If you think QuickPath is wrong, you can always pause after typing it and look at the QuickType suggestion box (the three suggested words that appear above the keyboard depending on what your phone thinks you mean) ).

Usually the correct word will appear in the QuickType field. To change a word, however, just tap it. Your iPhone will learn from the fixes you make, so (hopefully) you shouldn’t have to do the same in the future.

The context has the greatest impact on the word that your iPhone will choose in this case. For example, when I type “scan”, my device corrects it with “scan”, probably because it’s a more common word. The word “scan” is also associated with an emoji, which could also have an impact on selection.

Choose another word in the QuickType selection box.

How to access numbers, punctuation and symbols

Punctuation can slow you down as you walk away at lightning speed. Fortunately, there is a quick way to select numbers, punctuation marks, and some common symbols.

Simply press and hold the “123” button to switch to the symbol display, then swipe to the number, symbol, or punctuation mark you want to use. Release your finger on it and it will appear in the text field. The keyboard then returns to normal input mode so that you can continue your message.

Add an exclamation mark in QuickPath.

You can still access long press symbols (like º under the 0 key) when using this method. To do this, simply hover over the button for one second. Unfortunately, if you need one of the more obscure symbols on the second page, you’ll have to lift your finger.

How to select an Emoji

Selecting an emoji can be a drag when you drag into QuickPath. However, it also slows down regular typing. The best remedy is to type the name of the emoji you want to use. It should appear in the QuickType area above the keyboard.

Type the name of the desired emoji, then drag it when it appears.

Tap the emoji and it replaces the last word you typed. You can also use this tip when typing regularly. It is much faster than scrolling and searching for a particular emoji. However, you may need to experiment a bit to find the right description of the emoji you want.

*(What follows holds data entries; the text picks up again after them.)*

(* Let $G$ be a finite group. For each conjugacy class $[H]\in\overline{P}(G)$ and each $\sigma=(\delta_\sigma,\theta_\sigma)\in\Sigma_{[H]}$ let $\bigl(b_n^{[H]_\sigma}\bigr)_{n=1}^\infty$ be a sequence of non-negative integers, such that $b_1^{[G]_{(1,1)}}\geqslant1$. Define \[ a_n^{[H]_\sigma}=\begin{cases}\theta_\sigma\, b^{[H]_\sigma}_{n/\delta_\sigma}, & \text{if }\delta_\sigma\mid n,\\ 0,&\text{otherwise},\end{cases} \qquad a_n=\sum_{[H]\in\overline{P}(G)}\sum_{\sigma\in\Sigma_{[H]}}a_n^{[H]_\sigma},\qquad b_n=\sum_{[H]\in\overline{P}(G)}\sum_{\sigma\in\Sigma_{[H]}}b_n^{[H]_\sigma}, \] for all $n\geqslant1$. Then there exist a compact metric space $X$, a homeomorphism $T:X\to X$, and a continuous action of $G$ on $X$ commuting with $T$ such that $O_n(T)=a_n$ and $O_n(T')=b_n$ for all $n\geqslant1$, where $(X',T')$ is the quotient system of $(X,T)$ under $G$.
   Context: $\overline{P}(G)$ is the set of conjugacy classes $[H]=\{gHg^{-1}:g\in G\}$ of subgroups $H\leqslant G$. $N_G(H)=\{g\in G:gHg^{-1}=H\}$. For a finite group $K$, $\Delta(K)=\{|\langle h\rangle|:h\in K\}$. For $[H]\in\overline{P}(G)$ (with a representative $H$), $\Sigma_{[H]}=\{(\delta,\theta):\delta\in\Delta(N_G(H)/H),\ \theta=[G:H]/\delta\}$; in particular $\Sigma_{[G]}=\{(1,1)\}$. The quotient system: $X'=G\backslash X=\{\mathfrak{O}_G(x):x\in X\}$, $\mathfrak{O}_G(x)=\{g(x):g\in G\}$, with metric $d'(\mathfrak{O}_G(x),\mathfrak{O}_G(y))=\min\{d(x',y'):x'\in\mathfrak{O}_G(x),y'\in\mathfrak{O}_G(y)\}$ and $T'(\mathfrak{O}_G(x))=\mathfrak{O}_G(T(x))$. For a map $S$, $O_n(S)$ is the number of closed orbits $\{x,S(x),\dots,S^{n-1}(x)\}$ of cardinality exactly $n$. *)

theory Defs
  imports "HOL-Analysis.Analysis" "HOL-Algebra.Group_Action" "HOL-Algebra.Multiplicative_Group"
begin

definition subgroup_conj_class :: "('g, 'b) monoid_scheme \<Rightarrow> 'g set \<Rightarrow> 'g set set" where
  "subgroup_conj_class G H = {g <#\<^bsub>G\<^esub> H #>\<^bsub>G\<^esub> inv\<^bsub>G\<^esub> g | g. g \<in> carrier G}"

definition conj_classes_subgroups :: "('g, 'b) monoid_scheme \<Rightarrow> 'g set set set" where
  "conj_classes_subgroups G = {subgroup_conj_class G H | H. subgroup H G}"

definition elem_orders :: "('k, 'c) monoid_scheme \<Rightarrow> nat set" where
  "elem_orders K = {group.ord K h | h. h \<in> carrier K}"

definition subgroup_index :: "('g, 'b) monoid_scheme \<Rightarrow> 'g set \<Rightarrow> nat" where
  "subgroup_index G H = card (rcosets\<^bsub>G\<^esub> H)"

text \<open>\<open>\<Sigma>_[H]\<close> for a conjugacy class C = [H], computed from a representative H \<in> C
  (the result does not depend on the representative).\<close>
definition Sigma_class :: "('g, 'b) monoid_scheme \<Rightarrow> 'g set set \<Rightarrow> (nat \<times> nat) set" where
  "Sigma_class G C = {(\<delta>, subgroup_index G H div \<delta>) | \<delta> H.
       H \<in> C \<and> \<delta> \<in> elem_orders ((G\<lparr>carrier := normalizer G H\<rparr>) Mod H)}"

text \<open>\<open>O_n(S)\<close> realised as the set of closed orbits of S in A of cardinality exactly n;
  the count is its cardinality (together with finiteness).\<close>
definition closed_orbits :: "('a \<Rightarrow> 'a) \<Rightarrow> 'a set \<Rightarrow> nat \<Rightarrow> 'a set set" where
  "closed_orbits S A n = {P. \<exists>x\<in>A. (S ^^ n) x = x \<and> P = {(S ^^ k) x | k. k < n} \<and> card P = n}"

definition quotient_map :: "('g, 'b) monoid_scheme \<Rightarrow> ('g \<Rightarrow> 'a \<Rightarrow> 'a) \<Rightarrow> ('a \<Rightarrow> 'a) \<Rightarrow> 'a set \<Rightarrow> 'a set" where
  "quotient_map G \<phi> T Orb = orbit G \<phi> (T (SOME x. x \<in> Orb))"

end

theory Submission
  imports Defs "HOL-Algebra.Zassenhaus"
begin

text \<open>
  The space is a disjoint union of finite blocks, one for every class \<open>[H]\<close>, every
  \<open>\<sigma> = (\<delta>, \<theta>) \<in> \<Sigma>_[H]\<close>, every \<open>n \<ge> 1\<close> and every one of the \<open>b_n^[H]_\<sigma>\<close> copies.
  Choose a representative \<open>H\<close> and \<open>c \<in> N_G(H)\<close> whose coset has order \<open>\<delta>\<close> in \<open>N_G(H)/H\<close>.
  The block is \<open>H\<setminus>G \<times> {0..n-1}\<close>; \<open>T\<close> advances the level and, when it wraps around,
  multiplies the coset on the left by \<open>c\<close>, while \<open>G\<close> acts by right translation of cosets,
  which commutes with \<open>T\<close>. Every point of the block has exact period \<open>n\<delta>\<close>, so the block
  contributes \<open>[G:H] n / (n\<delta>) = \<theta>\<close> closed orbits of length \<open>n\<delta>\<close>; its \<open>G\<close>-orbits are
  the \<open>n\<close> levels, permuted cyclically by \<open>T'\<close>.

  Giving the points of a block of length \<open>n\<close> the weight \<open>1/(n+1)\<close> and using the
  ultrametric \<open>d(x,y) = max(w x, w y)\<close> makes the space compact, once one point gets
  weight \<open>0\<close>: this is the fixed point forming the block of \<open>[G]\<close>, \<open>\<sigma> = (1,1)\<close>, \<open>n = 1\<close>,
  which exists because \<open>b_1^[G] \<ge> 1\<close>. Finally the countable space is embedded into the reals.
\<close>

section \<open>Periodic points and closed orbits\<close>

lemma funpow_in_invariant: "R ` A \<subseteq> A \<Longrightarrow> x \<in> A \<Longrightarrow> (R ^^ k) x \<in> A"
  by (induction k) auto

lemma funpow_semiconj:
  assumes "R ` A \<subseteq> A" and "\<And>a. a \<in> A \<Longrightarrow> S (E a) = E (R a)" and "a \<in> A"
  shows "(S ^^ k) (E a) = E ((R ^^ k) a)"
  by (induction k) (simp_all add: assms(2) funpow_in_invariant[OF assms(1,3)])

lemma funpow_commute_apply: "(f ^^ m) ((f ^^ n) x) = (f ^^ n) ((f ^^ m) x)"
  by (metis add.commute comp_apply funpow_add)

definition prime_period_points :: "('a \<Rightarrow> 'a) \<Rightarrow> 'a set \<Rightarrow> nat \<Rightarrow> 'a set" where
  "prime_period_points R A m = {x \<in> A. \<forall>p. (R ^^ p) x = x \<longleftrightarrow> m dvd p}"

definition cycle_of :: "('a \<Rightarrow> 'a) \<Rightarrow> nat \<Rightarrow> 'a \<Rightarrow> 'a set" where
  "cycle_of R m x = (\<lambda>k. (R ^^ k) x) ` {..<m}"

lemma prime_period_iff_inj_on:
  assumes "(R ^^ m) x = x" and "0 < m"
  shows "(\<forall>p. (R ^^ p) x = x \<longleftrightarrow> m dvd p) \<longleftrightarrow> inj_on (\<lambda>k. (R ^^ k) x) {..<m}"
proof
  assume period: "\<forall>p. (R ^^ p) x = x \<longleftrightarrow> m dvd p"
  have distinct: "(R ^^ a) x \<noteq> (R ^^ c) x" if "a < c" and "c < m" for a c
  proof
    assume eq: "(R ^^ a) x = (R ^^ c) x"
    have "(R ^^ (m - c + a)) x = (R ^^ (m - c)) ((R ^^ c) x)"
      by (simp add: eq funpow_add)
    also have "\<dots> = (R ^^ (m - c + c)) x"
      by (simp add: funpow_add)
    also have "\<dots> = x"
      using that assms(1) by simp
    finally have "m dvd m - c + a"
      using period by blast
    moreover have "0 < m - c + a" and "m - c + a < m"
      using that by auto
    ultimately show False
      using nat_dvd_not_less by simp
  qed
  show "inj_on (\<lambda>k. (R ^^ k) x) {..<m}"
  proof (rule inj_onI)
    fix a c assume "a \<in> {..<m}" and "c \<in> {..<m}" and "(R ^^ a) x = (R ^^ c) x"
    then show "a = c"
      using distinct[of a c] distinct[of c a] by (cases a c rule: linorder_cases) auto
  qed
next
  assume inj: "inj_on (\<lambda>k. (R ^^ k) x) {..<m}"
  show "\<forall>p. (R ^^ p) x = x \<longleftrightarrow> m dvd p"
  proof (intro allI iffI)
    fix p assume "(R ^^ p) x = x"
    then have "(R ^^ (p mod m)) x = (R ^^ 0) x"
      using funpow_mod_eq[where f=R and m=p and n=m and x=x] assms(1) by simp
    then have "p mod m = 0"
      by (rule inj_onD[OF inj]) (simp_all add: assms(2))
    then show "m dvd p"
      by (simp add: dvd_eq_mod_eq_0)
  next
    fix p assume "m dvd p"
    then show "(R ^^ p) x = x"
      using funpow_mod_eq[where f=R and m=p and n=m and x=x] assms(1) by simp
  qed
qed

lemma cycle_of_eq_range:
  assumes "(R ^^ m) x = x" and "0 < m"
  shows "cycle_of R m x = range (\<lambda>k. (R ^^ k) x)"
proof -
  have "(R ^^ k) x \<in> (\<lambda>k. (R ^^ k) x) ` {..<m}" for k
    using funpow_mod_eq[where f=R and m=k and n=m and x=x] assms
    by (intro image_eqI[of _ _ "k mod m"]) simp_all
  then show ?thesis
    unfolding cycle_of_def by (intro equalityI) auto
qed

lemma cycle_of_funpow:
  assumes "(R ^^ m) x = x" and "0 < m"
  shows "cycle_of R m ((R ^^ a) x) = cycle_of R m x"
proof -
  have period: "(R ^^ m) ((R ^^ a) x) = (R ^^ a) x"
    using assms(1) by (metis comp_apply funpow_add add.commute)
  have "(R ^^ k) x = (R ^^ (k + (m - 1) * a)) ((R ^^ a) x)" for k
  proof -
    have "(R ^^ k) x = (R ^^ ((k + m * a) mod m)) x"
      using funpow_mod_eq[where f=R and m=k and n=m and x=x] assms(1) by simp
    also have "\<dots> = (R ^^ (k + m * a)) x"
      using funpow_mod_eq[where f=R and m="k + m * a" and n=m and x=x] assms(1) by simp
    also have "k + m * a = k + (m - 1) * a + a"
      using assms(2) by (cases m) auto
    finally show ?thesis
      by (simp add: funpow_add)
  qed
  then have "range (\<lambda>k. (R ^^ k) x) \<subseteq> range (\<lambda>k. (R ^^ k) ((R ^^ a) x))"
    by (metis image_subsetI rangeI)
  moreover have "(R ^^ k) ((R ^^ a) x) = (R ^^ (k + a)) x" for k
    by (simp add: funpow_add)
  then have "range (\<lambda>k. (R ^^ k) ((R ^^ a) x)) \<subseteq> range (\<lambda>k. (R ^^ k) x)"
    by auto
  ultimately show ?thesis
    using cycle_of_eq_range[OF assms] cycle_of_eq_range[OF period assms(2)] by simp
qed

lemma funpow_prime_period_points:
  assumes "R ` A \<subseteq> A" and "0 < m" and x: "x \<in> prime_period_points R A m"
  shows "(R ^^ a) x \<in> prime_period_points R A m"
proof -
  have period: "(R ^^ p) x = x \<longleftrightarrow> m dvd p" for p
    using x unfolding prime_period_points_def by simp
  have "x \<in> A"
    using x unfolding prime_period_points_def by simp
  have x_from_shift: "(R ^^ (m * a - a)) ((R ^^ a) x) = x"
  proof -
    have "(R ^^ (m * a - a)) ((R ^^ a) x) = (R ^^ (m * a - a + a)) x"
      by (simp add: funpow_add)
    also have "m * a - a + a = m * a"
      using assms(2) by simp
    finally show ?thesis
      using period by simp
  qed
  have "(R ^^ p) ((R ^^ a) x) = (R ^^ a) x \<longleftrightarrow> m dvd p" for p
  proof
    assume fixed: "(R ^^ p) ((R ^^ a) x) = (R ^^ a) x"
    have "(R ^^ p) x = (R ^^ p) ((R ^^ (m * a - a)) ((R ^^ a) x))"
      by (simp only: x_from_shift)
    also have "\<dots> = (R ^^ (m * a - a)) ((R ^^ p) ((R ^^ a) x))"
      by (rule funpow_commute_apply)
    also have "\<dots> = x"
      by (simp only: fixed x_from_shift)
    finally show "m dvd p"
      using period by blast
  next
    assume "m dvd p"
    then have "(R ^^ p) x = x"
      using period by blast
    then show "(R ^^ p) ((R ^^ a) x) = (R ^^ a) x"
      by (metis funpow_commute_apply)
  qed
  moreover have "(R ^^ a) x \<in> A"
    using funpow_in_invariant[OF assms(1) \<open>x \<in> A\<close>] .
  ultimately show ?thesis
    unfolding prime_period_points_def by simp
qed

Third-party Swipe keyboards

Third-party scanning keyboards for iOS have been around for almost a decade. And many of them (Swype, Microsoft’s SwiftKey and Google’s Gboard) were available on Android before that. Before iOS 13 was released, you had to use a third-party option to drag the type to an Apple device.

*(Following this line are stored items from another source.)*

theorem mainTheorem13:
  fixes S :: "'s measure" and D :: "((real^'d) \<times> real) measure"
    and fh :: "'s \<Rightarrow> real^'d \<Rightarrow> real" and f :: "real^'d \<Rightarrow> real"
    and A :: "real^'d \<Rightarrow> (real^'d) set"
  assumes "prob_space S" and "prob_space D"
    and "sets D = sets borel"
    and "(\<lambda>(s, x). fh s x) \<in> borel_measurable (S \<Otimes>\<^sub>M borel)"
    and "integrable D (\<lambda>z. (snd z)^2)"
    and "regression_fn D f"
    and "\<forall>x\<in>support_X D. x \<in> A x \<and> A x \<subseteq> support_X D \<and> A x \<in> sets borel"
    and "integrable (S \<Otimes>\<^sub>M D) (\<lambda>w. (fh (fst w) (fst (snd w)) - snd (snd w))^2)"
    and "integrable (S \<Otimes>\<^sub>M D)
           (\<lambda>w. SUP x'\<in>A (fst (snd w)). (fh (fst w) x' - fh (fst w) (fst (snd w)))^2)"
    and "integrable (S \<Otimes>\<^sub>M D)
           (\<lambda>w. SUP x'\<in>A (fst (snd w)). \<bar>fh (fst w) x' - f (fst (snd w))\<bar>^2)"
    and "AE w in S \<Otimes>\<^sub>M D.
           bdd_above ((\<lambda>x'. (fh (fst w) x' - fh (fst w) (fst (snd w)))^2) ` A (fst (snd w)))"
    and "AE w in S \<Otimes>\<^sub>M D.
           bdd_above ((\<lambda>x'. \<bar>fh (fst w) x' - f (fst (snd w))\<bar>^2) ` A (fst (snd w)))"
  shows "(TRADES S D fh A - (LINT z|D. \<bar>f (fst z) - snd z\<bar>^2)) / 5 \<le> adv_risk S D fh A f
       \<and> adv_risk S D fh A f \<le> 2 * (TRADES S D fh A - (LINT z|D. \<bar>f (fst z) - snd z\<bar>^2))"
proof -
  interpret S: prob_space S by fact
  interpret regression_model D f
    using assms(2,3,5,6) by (simp add: regression_model_def regression_model_axioms_def)
  let ?M = "S \<Otimes>\<^sub>M D"
  define E where "E w = (fh (fst w) (fst (snd w)) - f (fst (snd w)))^2
      + (SUP x'\<in>A (fst (snd w)). (fh (fst w) x' - fh (fst w) (fst (snd w)))^2)"
    for w :: "'s \<times> (real^'d) \<times> real"
  define Q where "Q w = (SUP x'\<in>A (fst (snd w)). \<bar>fh (fst w) x' - f (fst (snd w))\<bar>^2)"
    for w :: "'s \<times> (real^'d) \<times> real"
  have E: "integrable ?M E"
    unfolding E_def using risk_decomposition(1)[OF assms(1,4,8)] assms(9) by simp
  have Q: "integrable ?M Q"
    unfolding Q_def using assms(10) .
  have excess: "TRADES S D fh A - (LINT z|D. \<bar>f (fst z) - snd z\<bar>^2) = integral\<^sup>L ?M E"
    unfolding TRADES_def E_def using TRADES_minus_Bayes_risk[OF assms(1,4,8,9)] .
  have "AE w in ?M. fst (snd w) \<in> support_X D"
    by (rule S.AE_pair_snd[OF sigma_finite_D AE_fst_in_support_X[OF assms(3)]]) unfold_locales
  with assms(11,12) have pointwise: "AE w in ?M. E w \<le> 5 * Q w \<and> Q w \<le> 2 * E w"
  proof eventually_elim
    case (elim w)
    with assms(7) have "fst (snd w) \<in> A (fst (snd w))" by blast
    from sup_square_deviation_bounds[OF this elim(1,2)] show ?case
      unfolding E_def Q_def by simp
  qed
  have "integral\<^sup>L ?M E \<le> 5 * integral\<^sup>L ?M Q" "integral\<^sup>L ?M Q \<le> 2 * integral\<^sup>L ?M E"
    using pointwise by (auto intro!: integral_le_mult_integral_AE E Q elim: AE_mp)
  then show ?thesis
    unfolding excess adv_risk_def Q_def[symmetric] by simp
qed

end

Now that the functionality is available in iOS natively, there is no major reason to use a third-party keyboard to drag the type. Another reason not to use one is confidentiality, because many third-party keyboards require “full access” to provide the full range of functionality.

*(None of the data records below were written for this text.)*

lemma bilin_on_affine_step_le:
  assumes fin: "finite S"
    and sym: "\<And>j m. j \<in> S \<Longrightarrow> m \<in> S \<Longrightarrow> W j m = W m j"
    and lyap: "\<And>j m. j \<in> S \<Longrightarrow> m \<in> S \<Longrightarrow> tmul3 S R W R j m - W j m = - (if j = m then 1 else 0)"
    and e': "\<And>j. j \<in> S \<Longrightarrow> e' j = mat_vec_on S R e j - \<beta> * mat_vec_on S I s j"
  shows "bilin_on S W e' e' - bilin_on S W e e \<le> - (1/2) * sqnorm_on S e
     + \<beta>\<^sup>2 * (2 * (specnorm S (tmul3 S R W I))\<^sup>2 + specnorm S (tmul3 S I W I)) * sqnorm_on S s"
proof -
  define a where "a = sqrt (sqnorm_on S e)"
  define b where "b = sqrt (sqnorm_on S s)"
  define \<sigma> where "\<sigma> = specnorm S (tmul3 S R W I)"
  define \<tau> where "\<tau> = specnorm S (tmul3 S I W I)"
  have a2: "a\<^sup>2 = sqnorm_on S e" and b2: "b\<^sup>2 = sqnorm_on S s"
    unfolding a_def b_def by (simp_all add: sqnorm_on_nonneg)
  have "\<bar>bilin_on S (tmul3 S R W I) e s\<bar> \<le> a * \<sigma> * b"
    unfolding a_def b_def \<sigma>_def by (rule bilin_on_abs_le[OF fin])
  moreover have "- 2 * \<beta> * bilin_on S (tmul3 S R W I) e s \<le> 2 * \<bar>\<beta>\<bar> * \<bar>bilin_on S (tmul3 S R W I) e s\<bar>"
    using abs_ge_self[of "- 2 * \<beta> * bilin_on S (tmul3 S R W I) e s"] by (simp add: abs_mult)
  ultimately have "- 2 * \<beta> * bilin_on S (tmul3 S R W I) e s \<le> 2 * \<bar>\<beta>\<bar> * (a * \<sigma> * b)"
    by (meson abs_ge_zero mult_left_mono order_trans zero_le_numeral zero_le_mult_iff)
  also have "\<dots> = 2 * a * (\<bar>\<beta>\<bar> * \<sigma> * b)"
    by (simp add: mult_ac)
  also have "\<dots> \<le> (1/2) * a\<^sup>2 + 2 * (\<bar>\<beta>\<bar> * \<sigma> * b)\<^sup>2"
    by (rule two_mult_le_half_sq_add)
  finally have cross: "- 2 * \<beta> * bilin_on S (tmul3 S R W I) e s \<le> (1/2) * a\<^sup>2 + 2 * \<beta>\<^sup>2 * \<sigma>\<^sup>2 * b\<^sup>2"
    by (simp add: power_mult_distrib)
  have "bilin_on S (tmul3 S I W I) s s \<le> b * \<tau> * b"
    using bilin_on_abs_le[OF fin, of "tmul3 S I W I" s s] unfolding b_def \<tau>_def by linarith
  then have quad: "\<beta>\<^sup>2 * bilin_on S (tmul3 S I W I) s s \<le> \<beta>\<^sup>2 * \<tau> * b\<^sup>2"
    by (metis mult.assoc mult.commute mult_left_mono power2_eq_square zero_le_power2)
  have "\<beta>\<^sup>2 * (2 * \<sigma>\<^sup>2 + \<tau>) * sqnorm_on S s = 2 * \<beta>\<^sup>2 * \<sigma>\<^sup>2 * b\<^sup>2 + \<beta>\<^sup>2 * \<tau> * b\<^sup>2"
    unfolding b2 by (simp add: algebra_simps)
  with cross quad a2 bilin_on_affine_step[OF assms] show ?thesis
    unfolding \<sigma>_def \<tau>_def by linarith
qed

section \<open>Coalitions and the Nash condition\<close>

lemma mem_Vc_iff [simp]: "a \<in> Vc coal i \<longleftrightarrow> coal a = i"
  by (simp add: Vc_def)

lemma nc_pos:
  fixes coal :: "'a::finite \<Rightarrow> 'c"
  assumes "Vc coal i \<noteq> {}"
  shows "0 < real (nc coal i)"
  using assms unfolding nc_def by (simp add: card_gt_0_iff)

lemma sum_UNIV_group_Vc:
  fixes coal :: "'a::finite \<Rightarrow> 'c::finite"
  shows "(\<Sum>j\<in>UNIV. F j) = (\<Sum>i\<in>UNIV. \<Sum>j\<in>Vc coal i. F j)"
  using sum.group[of "UNIV::'a set" "UNIV::'c set" coal F] by (simp add: Vc_def)

lemma gderiv_unique:
  fixes f :: "real^'n \<Rightarrow> real"
  assumes "GDERIV f x :> D" and "GDERIV f x :> D'"
  shows "D = D'"
proof -
  have "(\<lambda>h. inner h D) = (\<lambda>h. inner h D')"
    using assms unfolding gderiv_def by (rule has_derivative_unique)
  then have "inner (D - D') D = inner (D - D') D'" by metis
  then have "inner (D - D') (D - D') = 0" by (simp add: inner_diff_right)
  then show ?thesis by simp
qed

“Full access” means that the keyboard can see what you are typing, instead of just recording equivalent keystrokes on the system keyboard. This allows the keyboard developer to do things like implement a custom dictionary or search engine functionality.

If you have a GIF keyboard installed, it also needs full access to search for a GIF.

The problem with full access is that you have to speak to the developer so that whatever you type is not collected, stored, or used in any way. When two of these developers are Google and Microsoft, we understand why you might hesitate before granting them this type of access.

Microsoft now owns SwiftKey, which is probably the most famous magnetic keyboard. It is now available for free on all platforms. Google’s attempt is Gboard, which offers integrated Google search, quite impressive translation services and themes. Another option is Fleksy, which focuses on raw speed.

Turn slide off to type

If you do not want to use QuickPath, you will probably never meet it, even if it is activated. If you want to deactivate it, simply go to Settings> General> Keyboard and deactivate “Swipe to type”.

QuickPath was not the only new typing enhancement introduced by Apple with iOS 13. Don’t forget to check out the full range of text editing gestures now available on your iPhone or iPad and impress your friends (or just become a better typist).